Oil, gas production activity found to be likely cause of earthquakes in West Texas, New Mexico by UT-Austin researchers
July 14, 2022
UT researchers found oil and gas production activities are the likely cause of increased earthquakes in West Texas and New Mexico, according to a recent study.
The Delaware Basin, stretching through West Texas into New Mexico, is a region known for its oil and gas production. Prior to the study, researchers knew earthquakes had become more frequent in the region since 2009. They analyzed about 5,000 earthquakes with a magnitude above 1.5 from 2017 to 2020 and found that 68% were likely to be caused by the oil and gas production activities of hydraulic fracturing and or wastewater injection.
“In both cases, we have a human induced force that is somehow providing a seismic slip, and that seismic slip is coming up as an earthquake,” said Alexandros Savvaidis, one of the study’s authors and researcher at the UT Bureau of Economic Geology.
Hydraulic fracturing is the process of using highly pressurized liquid (water, sand or chemicals) to fracture bedrock and create the flow of oil and natural gas for extraction.

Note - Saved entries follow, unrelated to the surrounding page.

(* Let $G$ be a word-representable split graph. Then $\mathcal{R}(G)\le 3$.
   Context: A split graph is a graph whose vertex set can be partitioned into a clique and an independent set. A word over a finite set $X$ is a finite sequence of elements of $X$; two letters $x,y$ alternate in a word $u$ if the subsequence of $u$ consisting of all occurrences of $x$ and $y$ is of the form $xyxy\cdots$ or $yxyx\cdots$ (even or odd length). A graph $G=(V,E)$ is word-representable if there is a word $w$ over $V$ (each vertex occurring) such that for all distinct $a,b\in V$, $ab\in E$ if and only if $a$ and $b$ alternate in $w$; $w$ is then said to represent $G$. A word is $k$-uniform if every letter occurs exactly $k$ times. The representation number $\mathcal{R}(G)$ of a word-representable graph $G$ is the smallest $k$ such that some $k$-uniform word represents $G$. *)

theory Defs
  imports Main
begin

definition simple_graph :: "'a set \<Rightarrow> ('a \<Rightarrow> 'a \<Rightarrow> bool) \<Rightarrow> bool" where
  "simple_graph V E \<longleftrightarrow> finite V \<and> (\<forall>a b. E a b \<longrightarrow> a \<in> V \<and> b \<in> V) \<and>
     (\<forall>a b. E a b \<longrightarrow> E b a) \<and> (\<forall>a. \<not> E a a)"

definition is_clique :: "('a \<Rightarrow> 'a \<Rightarrow> bool) \<Rightarrow> 'a set \<Rightarrow> bool" where
  "is_clique E K \<longleftrightarrow> (\<forall>a\<in>K. \<forall>b\<in>K. a \<noteq> b \<longrightarrow> E a b)"

definition is_independent :: "('a \<Rightarrow> 'a \<Rightarrow> bool) \<Rightarrow> 'a set \<Rightarrow> bool" where
  "is_independent E I \<longleftrightarrow> (\<forall>a\<in>I. \<forall>b\<in>I. \<not> E a b)"

definition split_graph :: "'a set \<Rightarrow> ('a \<Rightarrow> 'a \<Rightarrow> bool) \<Rightarrow> bool" where
  "split_graph V E \<longleftrightarrow> (\<exists>K I. K \<union> I = V \<and> K \<inter> I = {} \<and> is_clique E K \<and> is_independent E I)"

definition alternate :: "'a list \<Rightarrow> 'a \<Rightarrow> 'a \<Rightarrow> bool" where
  "alternate w x y \<longleftrightarrow>
     (let u = filter (\<lambda>z. z = x \<or> z = y) w in \<forall>i. Suc i < length u \<longrightarrow> u ! i \<noteq> u ! Suc i)"

definition represents :: "'a list \<Rightarrow> 'a set \<Rightarrow> ('a \<Rightarrow> 'a \<Rightarrow> bool) \<Rightarrow> bool" where
  "represents w V E \<longleftrightarrow> set w = V \<and>
     (\<forall>a\<in>V. \<forall>b\<in>V. a \<noteq> b \<longrightarrow> (E a b \<longleftrightarrow> alternate w a b))"

definition word_representable :: "'a set \<Rightarrow> ('a \<Rightarrow> 'a \<Rightarrow> bool) \<Rightarrow> bool" where
  "word_representable V E \<longleftrightarrow> (\<exists>w. represents w V E)"

definition uniform :: "nat \<Rightarrow> 'a list \<Rightarrow> bool" where
  "uniform k w \<longleftrightarrow> (\<forall>x\<in>set w. count_list w x = k)"

definition representation_number :: "'a set \<Rightarrow> ('a \<Rightarrow> 'a \<Rightarrow> bool) \<Rightarrow> nat" where
  "representation_number V E = (LEAST k. \<exists>w. uniform k w \<and> represents w V E)"

end

(*
  Any representing word can be padded to an m-uniform one by repeatedly prepending, in the
  order of their first occurrences, the letters that occur fewest times.

  In an m-uniform word representing a split graph with clique K, |K| = n, the clique letters
  pairwise alternate, so they form m rounds of one fixed permutation of K; the t-th occurrence
  of the clique vertex k sits at clique-position n t + r k, where r k < n is its rank in that
  permutation. Give every other letter a fractional position between the neighbouring clique
  letters and subtract n t from the position of a t-th occurrence: this phase is the constant
  r k for a clique vertex k, and comparing phases modulo n decides alternation. An independent
  vertex v is then adjacent to k iff r k lies on the arc of the circle R/nZ from the largest to
  the smallest phase of v, and the arcs of two independent vertices are never interleaved.

  Shift each such arc by a multiple of n so that it either contains 0 or lies in (0, n). Clique
  vertex k gets the keys r k, r k + n, r k + 2 n; a vertex with wrapping arc [lo, hi] gets hi, n,
  2 n + lo; a vertex with non-wrapping arc gets lo, n + hi, 2 n + c, where c is a point common to
  all non-wrapping arcs; ties at n and at 2 n + c are broken by the order of hi resp. lo, and
  isolated vertices come last. Sorting the letters by key gives a 3-uniform word in which two
  letters alternate iff their keys interleave, which happens exactly for the edges.
*)

theory Submission
  imports Defs Complex_Main "HOL-Library.Product_Lexorder" "HOL-Library.Multiset"
begin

Oftentimes after practicing hydraulic fracturing, companies will inject the wastewater created by oil and gas extraction underground to avoid polluting water sources nearby. Savvaidis said while other studies have been successful in linking isolated earthquakes to hydraulic fracturing, the UT researchers were able to link earthquakes in the Delaware Basin to both hydraulic fracturing and wastewater injection.

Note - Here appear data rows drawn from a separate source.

lemma sum_mult_shift_mod:
  fixes a y :: "nat \<Rightarrow> 'a::comm_semiring_0"
  assumes "t \<le> (m::nat)"
  shows "(\<Sum>j<m. y j * a ((j + t) mod m)) = (\<Sum>k<m. a k * y ((k + m - t) mod m))"
proof -
  have "(\<Sum>j<m. y j * a ((j + t) mod m))
      = (\<Sum>j<m. a ((j + t) mod m) * y (((j + t) mod m + m - t) mod m))"
    using assms by (intro sum.cong) (simp_all add: mod_add_diff_cancel mult.commute)
  then show ?thesis
    by (simp only: sum_lessThan_add_mod[where h = "\<lambda>k. a k * y ((k + m - t) mod m)"])
qed


section \<open>The Maiorana--McFarland decomposition\<close>

definition mm_point :: "nat \<Rightarrow> (nat \<Rightarrow> bit) \<Rightarrow> (nat \<Rightarrow> bit) \<Rightarrow> nat \<Rightarrow> bit" where
  "mm_point m a y i = (if i < m then a i else if i < 2*m then a (i - m) + y (i - m) else 0)"

lemma mm_point_low [simp]: "j < m \<Longrightarrow> mm_point m a y j = a j"
  by (simp add: mm_point_def)

lemma mm_point_high [simp]: "j < m \<Longrightarrow> mm_point m a y (j + m) = a j + y j"
  by (simp add: mm_point_def)

lemma sum_cube_double:
  "(\<Sum>x\<in>cube (2*m). F x) = (\<Sum>y\<in>cube m. \<Sum>a\<in>cube m. F (mm_point m a y))"
proof -
  define halves where
    "halves x = ((\<lambda>i. if i < m then x i + x (i + m) else 0), (\<lambda>i. if i < m then x i else 0))"
    for x :: "nat \<Rightarrow> bit"
  have "bij_betw (\<lambda>(y, a). mm_point m a y) (cube m \<times> cube m) (cube (2*m))"
  proof (rule bij_betw_byWitness[where f' = halves])
    show "(\<lambda>(y, a). mm_point m a y) ` (cube m \<times> cube m) \<subseteq> cube (2*m)"
      by (auto simp: mm_point_def cube_def)
    show "halves ` cube (2*m) \<subseteq> cube m \<times> cube m"
      by (auto simp: halves_def cube_def)
    show "\<forall>p\<in>cube m \<times> cube m. halves ((\<lambda>(y, a). mm_point m a y) p) = p"
      by (auto simp: halves_def mm_point_def cube_def fun_eq_iff)
    show "\<forall>x\<in>cube (2*m). (\<lambda>(y, a). mm_point m a y) (halves x) = x"
    proof (intro ballI ext)
      fix x i assume x: "x \<in> cube (2*m)"
      consider "i < m" | "m \<le> i" "i < 2*m" | "2*m \<le> i" by linarith
      then show "(\<lambda>(y, a). mm_point m a y) (halves x) i = x i"
      proof cases
        case 2
        then have "i - m + m = i" by simp
        with 2 show ?thesis by (simp add: halves_def mm_point_def flip: add.assoc)
      qed (use x in \<open>auto simp: halves_def mm_point_def cube_def\<close>)
    qed
  qed
  then show ?thesis
    by (simp add: sum.reindex_bij_betw[symmetric] sum.cartesian_product case_prod_unfold)
qed

lemma bent_mm:
  fixes f :: "(nat \<Rightarrow> bit) \<Rightarrow> bit" and \<phi> :: "(nat \<Rightarrow> bit) \<Rightarrow> nat \<Rightarrow> bit"
  assumes inj: "inj_on \<phi> (cube m)" and maps: "\<phi> ` cube m \<subseteq> cube m"
    and affine: "\<And>a y b. a \<in> cube m \<Longrightarrow> y \<in> cube m \<Longrightarrow>
      f (mm_point m a y) + (\<Sum>i<2*m. mm_point m a y i * b i)
        = (\<Sum>k<m. a k * (\<phi> y k + b k + b (k + m))) + h b y"
  shows "bent (2*m) f"
  unfolding bent_def
proof (intro conjI ballI)
  fix b :: "nat \<Rightarrow> bit"
  define \<beta> where "\<beta> = (\<lambda>k. if k < m then b k + b (k + m) else 0)"
  have "\<phi> ` cube m = cube m" by (rule endo_inj_surj[OF finite_cube maps inj])
  moreover have "\<beta> \<in> cube m" by (simp add: \<beta>_def cube_def)
  ultimately obtain y0 where y0: "y0 \<in> cube m" "\<phi> y0 = \<beta>" by force
  have zero_iff: "(\<forall>k<m. \<phi> y k + b k + b (k + m) = 0) \<longleftrightarrow> y = y0" if y: "y \<in> cube m" for y
  proof -
    have "\<phi> y \<in> cube m" using maps y by blast
    then have "(\<forall>k<m. \<phi> y k + b k + b (k + m) = 0) \<longleftrightarrow> \<phi> y = \<beta>"
      by (auto simp: fun_eq_iff \<beta>_def cube_def add.assoc bit_add_eq_0_iff)
    also have "\<dots> \<longleftrightarrow> y = y0" using inj y y0 by (auto dest: inj_onD)
    finally show ?thesis .
  qed
  have summand: "sgn_bit (f (mm_point m a y) + (\<Sum>i<2*m. mm_point m a y i * b i))
      = sgn_bit (h b y) * sgn_bit (\<Sum>k<m. a k * (\<phi> y k + b k + b (k + m)))"
    if "a \<in> cube m" "y \<in> cube m" for a y
    unfolding affine[OF that] sgn_bit_add by (rule mult.commute)
  have "walsh (2*m) f b
      = (\<Sum>y\<in>cube m. sgn_bit (h b y) * (\<Sum>a\<in>cube m. sgn_bit (\<Sum>k<m. a k * (\<phi> y k + b k + b (k + m)))))"
    unfolding walsh_def sum_cube_double sum_distrib_left by (intro sum.cong refl) (simp add: summand)
  also have "\<dots> = (\<Sum>y\<in>cube m. if y = y0 then sgn_bit (h b y0) * 2 ^ m else 0)"
    by (intro sum.cong refl) (simp add: sum_cube_sgn_bit_inner zero_iff)
  also have "\<dots> = sgn_bit (h b y0) * 2 ^ m"
    using y0(1) finite_cube by simp
  finally show "walsh (2*m) f b = 2 ^ (2*m div 2) \<or> walsh (2*m) f b = - (2 ^ (2*m div 2))"
    by (simp add: sgn_bit_def)
qed simp

lemma mm_point_at_shift:
  assumes "j < m" "t < m"
  shows "mm_point m a y ((j + t) mod (2*m))
           = a ((j + t) mod m) + (1 + of_bool (j + t < m)) * y ((j + t) mod m)"
    and "mm_point m a y ((j + m + t) mod (2*m))
           = a ((j + t) mod m) + of_bool (j + t < m) * y ((j + t) mod m)"
  using assms by (auto simp: mm_point_def mod_if)

lemma ft_pair_identity:
  fixes a0 y0 a1 y1 e b0 b1 :: bit
  shows "a0 * (a1 + (1 + e) * y1) * (a0 + y0) + a0 * (a1 + (1 + e) * y1)
       + ((a0 + y0) * (a1 + e * y1) * a0 + (a0 + y0) * (a1 + e * y1))
       + a0 * (a0 + y0) + (a0 * b0 + (a0 + y0) * b1)
     = a0 * (y0 * y1 + 1 + y0 + b0 + b1) + y0 * a1 + (e * y0 * y1 + y0 * b1)"
  by (cases a0; cases y0; cases a1; cases y1; cases e; cases b0; cases b1) simp_all

lemma rpoly_eval_cong:
  "(\<And>i. i < m \<Longrightarrow> z i = z' i) \<Longrightarrow> rpoly_eval m g z = rpoly_eval m g z'"
  unfolding rpoly_eval_def
  by (intro sum.cong refl arg_cong2[where f = "(*)"] prod.cong) auto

Researchers found that 13% of the earthquakes analyzed were caused by hydraulic fracturing alone. Savvaidis said this number was higher than expected, likely because of the impacts of wastewater injection in the region.
The study found that 43% of the earthquakes analyzed were caused by wastewater injection into shallow sedimentary formations and 12% were caused by wastewater injection into deep sedimentary formations. Savvaidis said shallow and deep wastewater injection lead to an increase in the pressure of liquid in between rocks, which causes earthquakes.
Wastewater injection into shallow rock formations at a depth of three to four kilometers from the lowest layers of rock, or basement rock, caused more of the earthquakes, according to the study. However, wastewater injection into deep sedimentary formations at a depth of one to two kilometers from basement rock caused earthquakes that were more intense.
“Deeper earthquakes that are close to the boundary between sedimentary formations and the basement reactivate what we call basement rooted faults,” Savvaidis said. “Usually those faults are longer in length compared to the shallow faults and also the formation itself is more brittle, and those two parameters actually can be the cause of having high magnitude earthquakes.”
Savvaidis said it is not typical for Texas to have high magnitude earthquakes and it’s important that it is kept that way. He said he and the other authors of the study, UT researchers Iason Grigoratos and Ellen Rathje, are working with wastewater injection companies to provide insight into decreasing the amount of earthquakes in the area. Savvaidis could not share the names of the companies with The Daily Texan, but said they would become publicly available soon.
“The industry seems to be more engaged on this, and trying to (work) with us, use our monitoring capabilities and understand the seismicity, so eventually there (will not be a) high amount of earthquakes,” Savvaidis said.